[Data records]
------------------------------------

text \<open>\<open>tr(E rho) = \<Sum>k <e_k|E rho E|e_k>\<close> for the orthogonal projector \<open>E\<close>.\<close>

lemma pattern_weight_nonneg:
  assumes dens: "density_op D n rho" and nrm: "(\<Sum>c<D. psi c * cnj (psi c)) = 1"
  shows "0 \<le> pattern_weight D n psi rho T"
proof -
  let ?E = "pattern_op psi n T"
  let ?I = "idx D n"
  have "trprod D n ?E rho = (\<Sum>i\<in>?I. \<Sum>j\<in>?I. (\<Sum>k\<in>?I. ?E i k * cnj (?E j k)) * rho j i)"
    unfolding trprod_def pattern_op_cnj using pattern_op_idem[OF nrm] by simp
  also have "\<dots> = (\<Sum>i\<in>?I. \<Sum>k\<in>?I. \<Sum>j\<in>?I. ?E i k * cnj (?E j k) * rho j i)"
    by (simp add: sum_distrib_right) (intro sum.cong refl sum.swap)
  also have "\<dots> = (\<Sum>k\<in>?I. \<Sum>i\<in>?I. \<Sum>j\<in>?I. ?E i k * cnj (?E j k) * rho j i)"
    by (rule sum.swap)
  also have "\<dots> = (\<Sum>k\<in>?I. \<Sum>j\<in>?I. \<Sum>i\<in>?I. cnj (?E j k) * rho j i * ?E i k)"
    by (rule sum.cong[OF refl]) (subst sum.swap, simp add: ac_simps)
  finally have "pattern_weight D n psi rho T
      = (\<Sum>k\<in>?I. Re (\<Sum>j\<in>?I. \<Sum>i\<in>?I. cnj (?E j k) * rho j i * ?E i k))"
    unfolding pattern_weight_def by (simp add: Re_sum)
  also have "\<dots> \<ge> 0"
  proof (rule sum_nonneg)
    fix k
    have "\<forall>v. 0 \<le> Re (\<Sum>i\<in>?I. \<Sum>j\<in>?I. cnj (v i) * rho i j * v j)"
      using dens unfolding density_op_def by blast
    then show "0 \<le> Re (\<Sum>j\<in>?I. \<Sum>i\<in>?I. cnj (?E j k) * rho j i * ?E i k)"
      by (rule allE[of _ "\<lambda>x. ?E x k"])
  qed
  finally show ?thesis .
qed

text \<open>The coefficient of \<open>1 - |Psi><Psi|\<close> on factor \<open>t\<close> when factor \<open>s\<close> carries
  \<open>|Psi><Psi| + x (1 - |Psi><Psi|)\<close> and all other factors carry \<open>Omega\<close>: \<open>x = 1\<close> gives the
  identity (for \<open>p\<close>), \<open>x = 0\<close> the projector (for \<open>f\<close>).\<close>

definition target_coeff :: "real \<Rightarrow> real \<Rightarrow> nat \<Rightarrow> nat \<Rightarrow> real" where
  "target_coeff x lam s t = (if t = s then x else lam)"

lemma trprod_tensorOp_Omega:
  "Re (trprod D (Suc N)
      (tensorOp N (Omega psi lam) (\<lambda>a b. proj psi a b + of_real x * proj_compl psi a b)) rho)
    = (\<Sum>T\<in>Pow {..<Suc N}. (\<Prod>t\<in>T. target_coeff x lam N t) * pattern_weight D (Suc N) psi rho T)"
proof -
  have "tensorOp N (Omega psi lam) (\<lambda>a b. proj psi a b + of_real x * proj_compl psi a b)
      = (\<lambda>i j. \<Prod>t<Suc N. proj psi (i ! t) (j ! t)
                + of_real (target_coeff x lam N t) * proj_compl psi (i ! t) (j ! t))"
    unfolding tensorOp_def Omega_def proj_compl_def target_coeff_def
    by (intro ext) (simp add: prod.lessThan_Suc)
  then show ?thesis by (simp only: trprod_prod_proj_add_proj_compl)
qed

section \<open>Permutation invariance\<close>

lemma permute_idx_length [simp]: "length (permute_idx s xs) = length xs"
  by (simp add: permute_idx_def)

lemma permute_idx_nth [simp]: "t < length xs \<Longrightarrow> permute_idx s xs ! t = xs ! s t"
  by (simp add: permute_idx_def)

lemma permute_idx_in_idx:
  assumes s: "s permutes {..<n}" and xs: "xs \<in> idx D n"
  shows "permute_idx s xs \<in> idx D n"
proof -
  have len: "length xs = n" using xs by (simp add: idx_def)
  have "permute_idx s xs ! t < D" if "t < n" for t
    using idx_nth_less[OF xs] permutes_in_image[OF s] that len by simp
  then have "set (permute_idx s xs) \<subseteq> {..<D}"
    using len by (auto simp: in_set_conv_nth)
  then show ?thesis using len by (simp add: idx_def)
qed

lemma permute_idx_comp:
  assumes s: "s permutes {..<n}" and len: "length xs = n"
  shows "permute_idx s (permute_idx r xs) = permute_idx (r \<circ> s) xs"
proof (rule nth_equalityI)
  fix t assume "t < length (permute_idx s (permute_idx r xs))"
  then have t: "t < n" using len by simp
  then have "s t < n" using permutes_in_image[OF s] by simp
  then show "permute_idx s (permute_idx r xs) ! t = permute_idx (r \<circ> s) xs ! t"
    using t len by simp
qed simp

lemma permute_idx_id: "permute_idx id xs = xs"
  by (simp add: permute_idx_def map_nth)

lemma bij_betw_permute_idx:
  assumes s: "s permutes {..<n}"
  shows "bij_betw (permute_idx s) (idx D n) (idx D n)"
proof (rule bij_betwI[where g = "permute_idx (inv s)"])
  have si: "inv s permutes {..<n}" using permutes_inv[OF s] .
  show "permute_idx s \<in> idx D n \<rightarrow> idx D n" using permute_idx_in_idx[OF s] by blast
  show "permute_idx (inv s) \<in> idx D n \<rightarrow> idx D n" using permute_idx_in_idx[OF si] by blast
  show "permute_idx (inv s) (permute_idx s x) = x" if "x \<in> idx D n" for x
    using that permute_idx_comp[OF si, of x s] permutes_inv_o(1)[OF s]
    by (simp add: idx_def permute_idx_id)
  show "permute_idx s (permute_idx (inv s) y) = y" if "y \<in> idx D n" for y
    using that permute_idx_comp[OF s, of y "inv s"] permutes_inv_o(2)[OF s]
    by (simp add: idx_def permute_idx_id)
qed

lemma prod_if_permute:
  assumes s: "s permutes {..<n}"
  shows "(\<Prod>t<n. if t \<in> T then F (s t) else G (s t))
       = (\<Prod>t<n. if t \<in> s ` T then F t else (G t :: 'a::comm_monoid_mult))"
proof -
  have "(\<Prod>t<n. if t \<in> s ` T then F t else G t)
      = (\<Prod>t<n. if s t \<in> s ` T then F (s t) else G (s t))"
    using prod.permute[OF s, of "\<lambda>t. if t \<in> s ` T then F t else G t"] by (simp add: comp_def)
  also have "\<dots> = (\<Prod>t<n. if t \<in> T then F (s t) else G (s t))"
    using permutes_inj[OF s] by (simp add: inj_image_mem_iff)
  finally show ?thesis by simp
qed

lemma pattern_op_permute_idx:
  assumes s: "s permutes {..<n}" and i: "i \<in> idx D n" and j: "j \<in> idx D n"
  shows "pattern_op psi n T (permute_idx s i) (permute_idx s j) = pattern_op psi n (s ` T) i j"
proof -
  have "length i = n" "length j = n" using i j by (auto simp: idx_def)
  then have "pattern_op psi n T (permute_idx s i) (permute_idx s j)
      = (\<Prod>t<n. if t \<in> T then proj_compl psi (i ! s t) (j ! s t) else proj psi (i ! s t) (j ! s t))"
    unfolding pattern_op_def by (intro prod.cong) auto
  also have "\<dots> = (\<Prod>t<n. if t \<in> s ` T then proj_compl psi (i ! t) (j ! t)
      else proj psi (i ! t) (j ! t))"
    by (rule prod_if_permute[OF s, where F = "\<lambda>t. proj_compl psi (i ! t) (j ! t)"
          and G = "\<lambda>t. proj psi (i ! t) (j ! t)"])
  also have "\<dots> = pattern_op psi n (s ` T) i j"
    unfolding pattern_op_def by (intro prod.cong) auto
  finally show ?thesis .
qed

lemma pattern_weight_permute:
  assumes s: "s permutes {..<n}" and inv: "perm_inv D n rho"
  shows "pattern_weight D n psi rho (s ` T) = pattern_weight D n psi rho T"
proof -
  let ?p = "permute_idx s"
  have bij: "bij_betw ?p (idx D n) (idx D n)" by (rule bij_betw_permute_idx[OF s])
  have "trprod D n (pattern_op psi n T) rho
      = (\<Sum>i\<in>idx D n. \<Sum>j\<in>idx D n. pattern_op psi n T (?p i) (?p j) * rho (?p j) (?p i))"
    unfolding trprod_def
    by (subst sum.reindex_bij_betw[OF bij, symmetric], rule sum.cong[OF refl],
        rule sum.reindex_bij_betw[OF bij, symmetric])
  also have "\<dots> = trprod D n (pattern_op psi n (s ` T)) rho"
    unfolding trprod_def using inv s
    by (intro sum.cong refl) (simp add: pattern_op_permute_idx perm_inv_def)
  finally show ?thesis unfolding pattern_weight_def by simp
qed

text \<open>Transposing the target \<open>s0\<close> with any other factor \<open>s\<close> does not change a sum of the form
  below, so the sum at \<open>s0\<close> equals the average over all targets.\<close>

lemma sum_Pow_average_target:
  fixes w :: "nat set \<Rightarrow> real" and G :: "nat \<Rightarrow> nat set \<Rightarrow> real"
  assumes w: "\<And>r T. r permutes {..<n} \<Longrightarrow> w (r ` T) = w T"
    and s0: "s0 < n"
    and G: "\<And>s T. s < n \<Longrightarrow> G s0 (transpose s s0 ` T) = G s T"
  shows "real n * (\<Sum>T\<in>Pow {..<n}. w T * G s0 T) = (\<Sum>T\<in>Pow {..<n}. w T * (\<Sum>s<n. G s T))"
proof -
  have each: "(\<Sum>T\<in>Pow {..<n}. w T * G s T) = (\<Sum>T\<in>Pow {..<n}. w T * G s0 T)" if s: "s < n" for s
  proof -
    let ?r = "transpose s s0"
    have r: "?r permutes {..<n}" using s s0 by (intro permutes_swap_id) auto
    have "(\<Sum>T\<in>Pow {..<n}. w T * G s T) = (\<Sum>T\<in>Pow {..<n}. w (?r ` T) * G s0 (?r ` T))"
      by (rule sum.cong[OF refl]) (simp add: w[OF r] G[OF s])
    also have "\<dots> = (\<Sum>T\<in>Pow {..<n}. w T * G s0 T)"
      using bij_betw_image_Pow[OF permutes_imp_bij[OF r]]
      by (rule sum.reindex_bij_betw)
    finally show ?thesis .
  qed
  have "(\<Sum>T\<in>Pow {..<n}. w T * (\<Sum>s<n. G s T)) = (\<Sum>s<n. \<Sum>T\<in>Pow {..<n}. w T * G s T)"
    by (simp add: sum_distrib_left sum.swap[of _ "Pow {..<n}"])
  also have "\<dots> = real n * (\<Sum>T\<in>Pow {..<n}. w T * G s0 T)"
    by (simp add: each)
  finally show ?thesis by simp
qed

------------------------------------

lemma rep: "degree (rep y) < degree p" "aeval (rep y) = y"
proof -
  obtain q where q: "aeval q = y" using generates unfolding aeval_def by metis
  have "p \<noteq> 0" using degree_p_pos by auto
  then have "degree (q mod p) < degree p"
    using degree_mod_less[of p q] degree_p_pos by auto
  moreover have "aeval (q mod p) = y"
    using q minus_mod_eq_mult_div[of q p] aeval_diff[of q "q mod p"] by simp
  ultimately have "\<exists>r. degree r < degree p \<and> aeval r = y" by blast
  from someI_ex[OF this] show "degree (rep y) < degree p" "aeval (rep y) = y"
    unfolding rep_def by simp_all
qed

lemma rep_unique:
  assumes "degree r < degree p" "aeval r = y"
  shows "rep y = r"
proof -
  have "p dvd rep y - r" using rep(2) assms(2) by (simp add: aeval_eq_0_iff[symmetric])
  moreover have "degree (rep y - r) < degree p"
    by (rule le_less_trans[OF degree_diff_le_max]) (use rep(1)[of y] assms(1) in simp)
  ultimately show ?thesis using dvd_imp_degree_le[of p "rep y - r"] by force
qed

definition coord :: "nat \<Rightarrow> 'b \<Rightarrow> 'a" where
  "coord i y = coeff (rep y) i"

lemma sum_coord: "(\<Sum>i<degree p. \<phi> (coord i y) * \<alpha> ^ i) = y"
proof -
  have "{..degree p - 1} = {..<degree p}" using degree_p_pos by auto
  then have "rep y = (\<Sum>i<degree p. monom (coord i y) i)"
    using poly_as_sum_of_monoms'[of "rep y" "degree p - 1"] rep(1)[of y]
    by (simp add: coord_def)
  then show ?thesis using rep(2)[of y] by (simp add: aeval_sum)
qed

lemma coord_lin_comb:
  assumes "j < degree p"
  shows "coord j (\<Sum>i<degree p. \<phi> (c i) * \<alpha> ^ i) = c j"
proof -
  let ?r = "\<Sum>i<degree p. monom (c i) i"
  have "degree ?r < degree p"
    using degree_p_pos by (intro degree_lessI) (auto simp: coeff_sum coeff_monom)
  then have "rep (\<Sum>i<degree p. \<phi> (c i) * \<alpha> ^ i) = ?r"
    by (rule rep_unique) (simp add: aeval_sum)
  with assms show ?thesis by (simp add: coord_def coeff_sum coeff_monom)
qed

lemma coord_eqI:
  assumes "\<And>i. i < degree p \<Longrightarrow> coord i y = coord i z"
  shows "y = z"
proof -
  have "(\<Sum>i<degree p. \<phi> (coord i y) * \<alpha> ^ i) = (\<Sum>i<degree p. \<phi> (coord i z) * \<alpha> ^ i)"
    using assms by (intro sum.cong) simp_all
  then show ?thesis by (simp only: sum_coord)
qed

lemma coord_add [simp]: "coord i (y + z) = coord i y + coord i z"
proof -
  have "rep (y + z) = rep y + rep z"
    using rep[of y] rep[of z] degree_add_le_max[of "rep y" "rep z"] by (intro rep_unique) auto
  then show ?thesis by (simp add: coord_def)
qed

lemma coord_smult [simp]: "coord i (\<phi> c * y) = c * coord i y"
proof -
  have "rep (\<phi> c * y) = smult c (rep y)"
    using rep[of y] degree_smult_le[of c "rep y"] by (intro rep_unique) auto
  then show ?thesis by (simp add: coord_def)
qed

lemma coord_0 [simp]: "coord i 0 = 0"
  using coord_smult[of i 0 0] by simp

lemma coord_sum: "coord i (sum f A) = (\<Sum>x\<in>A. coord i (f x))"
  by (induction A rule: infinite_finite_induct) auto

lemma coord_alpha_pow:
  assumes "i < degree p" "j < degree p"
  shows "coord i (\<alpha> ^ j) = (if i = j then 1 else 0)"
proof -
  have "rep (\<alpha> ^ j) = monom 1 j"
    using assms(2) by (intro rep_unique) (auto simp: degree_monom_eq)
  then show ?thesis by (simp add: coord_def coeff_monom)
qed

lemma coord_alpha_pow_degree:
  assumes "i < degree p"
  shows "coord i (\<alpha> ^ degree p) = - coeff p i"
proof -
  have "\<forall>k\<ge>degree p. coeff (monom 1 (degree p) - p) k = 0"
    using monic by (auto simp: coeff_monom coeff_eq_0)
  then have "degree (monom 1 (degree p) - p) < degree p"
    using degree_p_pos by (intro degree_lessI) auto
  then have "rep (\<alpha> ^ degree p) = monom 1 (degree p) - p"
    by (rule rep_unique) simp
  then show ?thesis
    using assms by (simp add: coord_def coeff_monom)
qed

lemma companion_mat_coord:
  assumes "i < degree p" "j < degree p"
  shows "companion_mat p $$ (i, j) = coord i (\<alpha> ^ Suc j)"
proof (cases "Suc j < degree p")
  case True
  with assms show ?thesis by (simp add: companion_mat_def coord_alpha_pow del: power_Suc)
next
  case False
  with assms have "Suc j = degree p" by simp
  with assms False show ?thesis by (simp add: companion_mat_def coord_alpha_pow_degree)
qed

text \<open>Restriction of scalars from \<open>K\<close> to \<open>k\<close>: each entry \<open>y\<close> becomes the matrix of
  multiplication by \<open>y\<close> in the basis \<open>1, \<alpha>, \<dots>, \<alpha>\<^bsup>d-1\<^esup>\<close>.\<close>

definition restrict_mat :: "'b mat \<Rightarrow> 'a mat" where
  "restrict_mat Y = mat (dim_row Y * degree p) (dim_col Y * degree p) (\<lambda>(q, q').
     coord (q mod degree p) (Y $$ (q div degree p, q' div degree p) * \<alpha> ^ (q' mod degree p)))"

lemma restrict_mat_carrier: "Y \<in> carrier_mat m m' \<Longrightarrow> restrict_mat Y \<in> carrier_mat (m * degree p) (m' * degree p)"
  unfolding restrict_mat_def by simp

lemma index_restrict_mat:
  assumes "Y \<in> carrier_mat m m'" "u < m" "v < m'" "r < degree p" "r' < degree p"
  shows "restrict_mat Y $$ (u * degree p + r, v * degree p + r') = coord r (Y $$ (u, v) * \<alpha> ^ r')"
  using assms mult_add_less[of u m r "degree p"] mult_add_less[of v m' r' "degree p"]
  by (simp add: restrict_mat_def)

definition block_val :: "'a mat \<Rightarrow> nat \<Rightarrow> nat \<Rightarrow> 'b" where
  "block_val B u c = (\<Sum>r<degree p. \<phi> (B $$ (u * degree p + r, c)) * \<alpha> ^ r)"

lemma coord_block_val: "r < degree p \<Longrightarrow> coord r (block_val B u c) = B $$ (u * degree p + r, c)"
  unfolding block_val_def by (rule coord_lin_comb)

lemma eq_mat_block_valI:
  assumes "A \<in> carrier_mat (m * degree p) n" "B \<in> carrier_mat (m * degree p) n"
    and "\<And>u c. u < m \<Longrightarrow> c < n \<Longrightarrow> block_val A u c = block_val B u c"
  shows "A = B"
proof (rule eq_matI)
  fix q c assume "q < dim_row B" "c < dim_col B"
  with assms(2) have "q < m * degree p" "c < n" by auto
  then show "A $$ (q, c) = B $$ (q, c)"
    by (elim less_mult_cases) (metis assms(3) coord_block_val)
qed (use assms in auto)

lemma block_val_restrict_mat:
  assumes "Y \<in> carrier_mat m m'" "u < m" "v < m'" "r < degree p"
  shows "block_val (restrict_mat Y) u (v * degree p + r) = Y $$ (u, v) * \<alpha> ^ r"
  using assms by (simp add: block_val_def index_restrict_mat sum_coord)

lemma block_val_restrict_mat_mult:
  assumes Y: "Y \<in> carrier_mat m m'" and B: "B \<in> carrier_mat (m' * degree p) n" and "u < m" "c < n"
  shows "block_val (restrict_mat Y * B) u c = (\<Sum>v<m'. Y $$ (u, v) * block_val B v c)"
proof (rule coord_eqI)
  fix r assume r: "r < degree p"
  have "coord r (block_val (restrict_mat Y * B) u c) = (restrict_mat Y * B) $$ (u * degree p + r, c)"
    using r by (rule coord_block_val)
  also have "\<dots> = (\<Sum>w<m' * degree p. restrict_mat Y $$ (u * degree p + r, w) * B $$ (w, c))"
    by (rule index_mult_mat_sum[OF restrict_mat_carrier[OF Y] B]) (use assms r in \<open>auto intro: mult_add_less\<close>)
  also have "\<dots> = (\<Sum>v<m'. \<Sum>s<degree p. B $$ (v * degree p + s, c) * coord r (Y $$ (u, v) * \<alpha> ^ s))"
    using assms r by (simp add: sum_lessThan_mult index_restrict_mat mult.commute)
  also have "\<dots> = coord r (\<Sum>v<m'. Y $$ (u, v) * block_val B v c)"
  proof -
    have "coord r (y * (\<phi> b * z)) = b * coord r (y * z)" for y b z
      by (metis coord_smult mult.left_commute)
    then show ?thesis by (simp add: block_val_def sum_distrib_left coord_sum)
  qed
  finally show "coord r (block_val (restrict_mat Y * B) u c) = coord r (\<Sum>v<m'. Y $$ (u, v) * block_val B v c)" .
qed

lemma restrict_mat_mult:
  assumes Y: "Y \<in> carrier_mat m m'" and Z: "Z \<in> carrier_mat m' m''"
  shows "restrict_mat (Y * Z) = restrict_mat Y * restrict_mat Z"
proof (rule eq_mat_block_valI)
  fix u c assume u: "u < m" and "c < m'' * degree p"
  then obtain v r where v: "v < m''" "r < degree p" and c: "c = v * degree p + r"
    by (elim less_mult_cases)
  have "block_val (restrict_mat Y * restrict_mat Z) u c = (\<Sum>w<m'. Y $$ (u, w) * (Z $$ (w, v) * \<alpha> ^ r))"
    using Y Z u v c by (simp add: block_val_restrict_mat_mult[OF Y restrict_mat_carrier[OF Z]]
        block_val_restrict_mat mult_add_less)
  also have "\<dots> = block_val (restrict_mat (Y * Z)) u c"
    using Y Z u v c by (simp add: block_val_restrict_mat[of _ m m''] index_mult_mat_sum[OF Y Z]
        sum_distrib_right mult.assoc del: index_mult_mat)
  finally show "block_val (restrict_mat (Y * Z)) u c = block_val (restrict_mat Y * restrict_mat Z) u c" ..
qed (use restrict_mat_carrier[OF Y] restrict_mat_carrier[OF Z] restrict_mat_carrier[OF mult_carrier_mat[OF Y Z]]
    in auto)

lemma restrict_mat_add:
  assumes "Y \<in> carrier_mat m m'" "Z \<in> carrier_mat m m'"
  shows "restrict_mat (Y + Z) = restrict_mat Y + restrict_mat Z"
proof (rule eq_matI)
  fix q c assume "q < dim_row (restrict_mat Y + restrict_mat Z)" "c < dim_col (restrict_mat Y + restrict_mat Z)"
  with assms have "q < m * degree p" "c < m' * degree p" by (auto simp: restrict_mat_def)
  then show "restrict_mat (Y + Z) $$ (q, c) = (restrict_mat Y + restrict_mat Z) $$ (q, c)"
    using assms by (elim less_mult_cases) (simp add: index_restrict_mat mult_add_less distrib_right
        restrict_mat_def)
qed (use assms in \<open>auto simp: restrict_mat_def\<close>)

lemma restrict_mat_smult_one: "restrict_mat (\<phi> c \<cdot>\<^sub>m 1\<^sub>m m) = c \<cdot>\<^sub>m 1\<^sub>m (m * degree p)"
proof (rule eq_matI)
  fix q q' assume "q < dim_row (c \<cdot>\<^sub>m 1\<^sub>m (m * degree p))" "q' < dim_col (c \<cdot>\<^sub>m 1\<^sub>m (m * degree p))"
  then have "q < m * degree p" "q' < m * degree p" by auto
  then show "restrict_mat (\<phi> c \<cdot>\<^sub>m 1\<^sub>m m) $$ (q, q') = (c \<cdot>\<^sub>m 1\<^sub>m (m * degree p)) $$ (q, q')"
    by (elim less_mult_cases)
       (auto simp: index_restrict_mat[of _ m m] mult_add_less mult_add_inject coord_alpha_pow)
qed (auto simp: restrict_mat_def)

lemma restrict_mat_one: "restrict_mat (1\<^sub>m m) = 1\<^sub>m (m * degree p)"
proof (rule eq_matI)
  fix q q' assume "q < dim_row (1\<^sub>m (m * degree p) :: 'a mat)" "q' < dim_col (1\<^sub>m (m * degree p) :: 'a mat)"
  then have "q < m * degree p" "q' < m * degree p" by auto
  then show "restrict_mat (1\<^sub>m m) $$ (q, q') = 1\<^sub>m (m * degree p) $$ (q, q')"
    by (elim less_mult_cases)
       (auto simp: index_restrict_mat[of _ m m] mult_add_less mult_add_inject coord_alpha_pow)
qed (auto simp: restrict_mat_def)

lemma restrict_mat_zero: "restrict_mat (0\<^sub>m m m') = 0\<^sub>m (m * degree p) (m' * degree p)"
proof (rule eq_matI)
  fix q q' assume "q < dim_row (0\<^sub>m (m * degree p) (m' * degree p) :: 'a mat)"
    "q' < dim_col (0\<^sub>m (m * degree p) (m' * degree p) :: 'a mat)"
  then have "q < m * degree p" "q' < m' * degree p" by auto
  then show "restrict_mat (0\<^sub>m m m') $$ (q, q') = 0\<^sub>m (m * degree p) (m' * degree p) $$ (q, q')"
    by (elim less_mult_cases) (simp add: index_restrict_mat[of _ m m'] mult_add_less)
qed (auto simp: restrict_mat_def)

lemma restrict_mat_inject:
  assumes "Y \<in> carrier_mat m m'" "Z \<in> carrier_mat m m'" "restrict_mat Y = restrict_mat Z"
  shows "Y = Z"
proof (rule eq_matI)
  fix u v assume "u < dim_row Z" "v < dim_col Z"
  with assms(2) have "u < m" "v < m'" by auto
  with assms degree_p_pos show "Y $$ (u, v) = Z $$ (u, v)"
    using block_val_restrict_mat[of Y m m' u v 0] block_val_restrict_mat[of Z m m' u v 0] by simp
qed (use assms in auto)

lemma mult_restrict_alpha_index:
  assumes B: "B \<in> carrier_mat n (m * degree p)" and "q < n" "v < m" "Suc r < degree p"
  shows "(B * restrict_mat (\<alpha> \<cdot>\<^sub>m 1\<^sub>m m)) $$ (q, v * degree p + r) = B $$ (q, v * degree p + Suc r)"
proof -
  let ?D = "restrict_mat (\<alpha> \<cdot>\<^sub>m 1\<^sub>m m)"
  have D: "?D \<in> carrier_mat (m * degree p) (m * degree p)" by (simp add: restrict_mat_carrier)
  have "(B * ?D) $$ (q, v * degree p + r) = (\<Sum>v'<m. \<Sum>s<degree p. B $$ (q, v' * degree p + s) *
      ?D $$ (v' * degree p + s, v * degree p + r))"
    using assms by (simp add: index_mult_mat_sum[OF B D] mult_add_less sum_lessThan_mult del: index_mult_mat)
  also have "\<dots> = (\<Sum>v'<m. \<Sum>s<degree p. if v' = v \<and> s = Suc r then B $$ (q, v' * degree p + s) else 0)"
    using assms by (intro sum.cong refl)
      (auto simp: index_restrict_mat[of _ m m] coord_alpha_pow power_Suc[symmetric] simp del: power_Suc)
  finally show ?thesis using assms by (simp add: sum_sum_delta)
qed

------------------------------------

Work to be completed:
Could you return exactly the stretch of the data above that starts at the line with "qed (use restrict_mat_carrier[OF" and ends at the line with "< dim_row (c", both lines included?

Task response:
qed (use restrict_mat_carrier[OF Y] restrict_mat_carrier[OF Z] restrict_mat_carrier[OF mult_carrier_mat[OF Y Z]]
    in auto)

lemma restrict_mat_add:
  assumes "Y \<in> carrier_mat m m'" "Z \<in> carrier_mat m m'"
  shows "restrict_mat (Y + Z) = restrict_mat Y + restrict_mat Z"
proof (rule eq_matI)
  fix q c assume "q < dim_row (restrict_mat Y + restrict_mat Z)" "c < dim_col (restrict_mat Y + restrict_mat Z)"
  with assms have "q < m * degree p" "c < m' * degree p" by (auto simp: restrict_mat_def)
  then show "restrict_mat (Y + Z) $$ (q, c) = (restrict_mat Y + restrict_mat Z) $$ (q, c)"
    using assms by (elim less_mult_cases) (simp add: index_restrict_mat mult_add_less distrib_right
        restrict_mat_def)
qed (use assms in \<open>auto simp: restrict_mat_def\<close>)

lemma restrict_mat_smult_one: "restrict_mat (\<phi> c \<cdot>\<^sub>m 1\<^sub>m m) = c \<cdot>\<^sub>m 1\<^sub>m (m * degree p)"
proof (rule eq_matI)
  fix q q' assume "q < dim_row (c \<cdot>\<^sub>m 1\<^sub>m (m * degree p))" "q' < dim_col (c \<cdot>\<^sub>m 1\<^sub>m (m * degree p))"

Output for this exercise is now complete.